Regulators are inching closer to Mag 7, and that has major ramifications for the trajectory of tech stocks.
It has been a time coming for tech as they have turned from market darlings to quasi-monopolies.
Look at your daily life, and it is hard to get away from some of these services like Google.
That is why the US Justice Department said in a new court filing that it may break up of Google (GOOGL).
Its anti-competitive practices have made it hard for smaller companies to add to the American economy.
It seems as if Google has benefited too much from its success.
Naturally, Google did not agree.
That makes sense because executives at Google would be crazy to want to break itself up simply because they can extract larger compensation when presiding over the current model.
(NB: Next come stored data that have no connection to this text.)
lemma lin_span_Suc_residual:
  assumes span: "lin_span k' e = lin_span k v" and p: "p \<in> lin_span k v" and s: "s \<noteq> 0"
  shows "lin_span (Suc k') (e(k' := (\<lambda>i. 1 / s * (v k i - p i)))) = lin_span (Suc k) v"
    (is "lin_span (Suc k') ?e' = _")
proof
  have span': "lin_span k' ?e' = lin_span k v"
    using span by (subst lin_span_cong[of k' ?e' e]) simp_all
  have vk: "v k \<in> lin_span (Suc k) v" by (rule lin_span_generator) simp
  have mono: "lin_span k v \<subseteq> lin_span (Suc k) v" by (rule lin_span_Suc_mono)
  have mono': "lin_span k' ?e' \<subseteq> lin_span (Suc k') ?e'" by (rule lin_span_Suc_mono)
  show "lin_span (Suc k') ?e' \<subseteq> lin_span (Suc k) v"
  proof (rule lin_span_subset)
    fix j assume "j < Suc k'"
    then consider "j < k'" | "j = k'" by linarith
    then show "?e' j \<in> lin_span (Suc k) v"
    proof cases
      case 1
      then show ?thesis using lin_span_generator[of j k' ?e'] span' mono by auto
    next
      case 2
      have "(\<lambda>i. v k i - p i) \<in> lin_span (Suc k) v" using vk p mono by (blast intro: lin_span_diff)
      then have "(\<lambda>i. 1 / s * (v k i - p i)) \<in> lin_span (Suc k) v" by (rule lin_span_scale)
      then show ?thesis using 2 by simp
    qed
  qed
  show "lin_span (Suc k) v \<subseteq> lin_span (Suc k') ?e'"
  proof (rule lin_span_subset)
    fix j assume "j < Suc k"
    then consider "j < k" | "j = k" by linarith
    then show "v j \<in> lin_span (Suc k') ?e'"
    proof cases
      case 1
      then show ?thesis using lin_span_generator[of j k v] span' mono' by auto
    next
      case 2
      have "v k = (\<lambda>i. p i + s * ?e' k' i)" using s by (simp add: fun_eq_iff)
      moreover have "p \<in> lin_span (Suc k') ?e'" using p span' mono' by auto
      moreover have "?e' k' \<in> lin_span (Suc k') ?e'" by (rule lin_span_generator) simp
      ultimately show ?thesis using 2 by (metis lin_span_add lin_span_scale)
    qed
  qed
qed

lemma vinner_residual_orthonormal:
  assumes "orthonormal n k e" "j < k"
  shows "vinner n (\<lambda>i. x i - lincomb k (\<lambda>j. vinner n x (e j)) e i) (e j) = 0"
  using assms by (simp add: vinner_diff_left vinner_lincomb_orthonormal)

lemma gram_schmidt:
  assumes "\<And>j. j < k \<Longrightarrow> v j \<in> Rn n"
  shows "\<exists>k'\<le>k. \<exists>e. (\<forall>j<k'. e j \<in> Rn n) \<and> orthonormal n k' e \<and> lin_span k' e = lin_span k v"
  using assms
proof (induction k)
  case 0
  show ?case by (intro exI[of _ 0]) (simp add: orthonormal_def lin_span_0)
next
  case (Suc k)
  then obtain k' e where k': "k' \<le> k" and eR: "\<forall>j<k'. e j \<in> Rn n" and e: "orthonormal n k' e"
    and span: "lin_span k' e = lin_span k v"
    by (metis less_SucI)
  define p where "p = lincomb k' (\<lambda>j. vinner n (v k) (e j)) e"
  define u where "u = (\<lambda>i. v k i - p i)"
  have "p \<in> lin_span k' e" unfolding p_def lin_span_def by blast
  then have p: "p \<in> lin_span k v" using span by simp
  then have "p \<in> Rn n" using lin_span_Rn[of k v n] Suc.prems by auto
  then have uR: "u \<in> Rn n" using Suc.prems[of k] unfolding u_def Rn_def by simp
  show ?case
  proof (cases "u = (\<lambda>i. 0)")
    case True
    then have "v k = p" unfolding u_def by (simp add: fun_eq_iff)
    then have "v k \<in> lin_span k v" using p by simp
    then show ?thesis using k' eR e span lin_span_Suc_eq[of v k] by (intro exI[of _ k']) auto
  next
    case False
    define s where "s = vnorm n u"
    have "vinner n u u = s\<^sup>2"
      unfolding s_def vnorm_eq_sqrt_vinner by (simp add: vinner_def sum_nonneg)
    moreover have s: "s > 0"
      using False vnorm_eq_0_iff[OF uR] unfolding s_def vnorm_eq_L2_set by (simp add: order_less_le)
    ultimately have unit: "vinner n (\<lambda>i. 1 / s * u i) (\<lambda>i. 1 / s * u i) = 1"
      by (simp only: vinner_scale_left vinner_scale_right) (simp add: power2_eq_square)
    have perp: "vinner n (\<lambda>i. 1 / s * u i) (e j) = 0" if "j < k'" for j
      using vinner_residual_orthonormal[OF e that] unfolding u_def p_def
      by (simp only: vinner_scale_left mult_zero_right)
    define e' where "e' = e(k' := (\<lambda>i. 1 / s * u i))"
    have "orthonormal n (Suc k') e'"
      unfolding e'_def using perp unit by (rule orthonormal_Suc[OF e])
    moreover have "lin_span (Suc k') e' = lin_span (Suc k) v"
      unfolding e'_def u_def using span p s by (intro lin_span_Suc_residual) auto
    moreover have "\<forall>j<Suc k'. e' j \<in> Rn n"
      using eR uR unfolding e'_def Rn_def by (auto simp: less_Suc_eq)
    ultimately show ?thesis using k' by (intro exI[of _ "Suc k'"] exI[of _ e']) auto
  qed
qed

lemma abs_le_L2_set: "finite A \<Longrightarrow> j \<in> A \<Longrightarrow> \<bar>c j\<bar> \<le> L2_set c A"
  using member_le_L2_set[of A j "\<lambda>j. \<bar>c j\<bar>"] by (simp add: L2_set_def)

lemma floor_divide_in_range:
  fixes x \<delta> :: real
  assumes "\<bar>x\<bar> \<le> 1" "0 < \<delta>" "1 / \<delta> \<le> real N"
  shows "\<lfloor>x / \<delta>\<rfloor> \<in> {- int N..int N}"
proof -
  have "\<bar>x / \<delta>\<bar> \<le> 1 / \<delta>" using assms(1,2) by (simp add: abs_divide divide_right_mono)
  then have "- real N \<le> x / \<delta>" "x / \<delta> \<le> real N" using assms(3) by linarith+
  then show ?thesis by (simp add: le_floor_iff floor_le_iff)
qed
People like the CEO Sundar Pichai have no incentive to splinter the company into many different divisions.
He simply would get paid less, and he would finally have to compete harder.
The move by DOJ also sends a signal to other tech giants currently facing antitrust cases from DOJ and other Washington regulators as part of a wide-ranging effort by the Biden administration to rein in what it views as anticompetitive behavior across a number of industries.
The case against Google targeting its dominance in search resulted in a landmark decision and concluded Google illegally monopolized the online search engine market and the market for search text advertising.
The judge concluded that Google’s agreements with browser providers and devices powered by Google’s Android operating system stifled rivals from entering and growing within the markets.
Google pays as much as $26 billion per year to maintain its position on mobile devices such as Apple (AAPL) and Samsung smartphones.
The DOJ could also ask the judge to force Google to share the data that it uses to refine its search algorithms with rival browsers and search providers and limit the company's dominance over search text ads.
DOJ suggested the judge should also consider blocking Google from illegally monopolizing related markets, in addition to the search and search text advertising markets.
It may ask the judge to force Google to give websites more ability to "opt out" of "any Google-owned artificial-intelligence product."
Forcing Google to reveal its algorithms would be devastating to the business model.
Everyone would know their secrets, and other big tech could take anything usable and inject it into their own algorithms.
Algorithms are the secret sauce to many tech companies, and it will only become more valuable when infused by AI.
In the medium term, this caps any upside to Google shares.
In the short-term, I could see a bounce back after the bad news is priced in.
In the long term, if standalone divisions of Google’s businesses are created, like the ad and search business, being unshackled from old management could make some of these parts into new growth companies.
The unprofitable parts like Waymo might get terminated.
It would be sink or swim time because management isn’t going to prop up anything wasteful.
It would be good for the tech market as a whole, add more value, and deliver more equal competition, which the Feds are set out to do.
Either way, the breaking up of Google is more like a marathon and not a spring, but tech now has to wake up to existential threats that were never there before.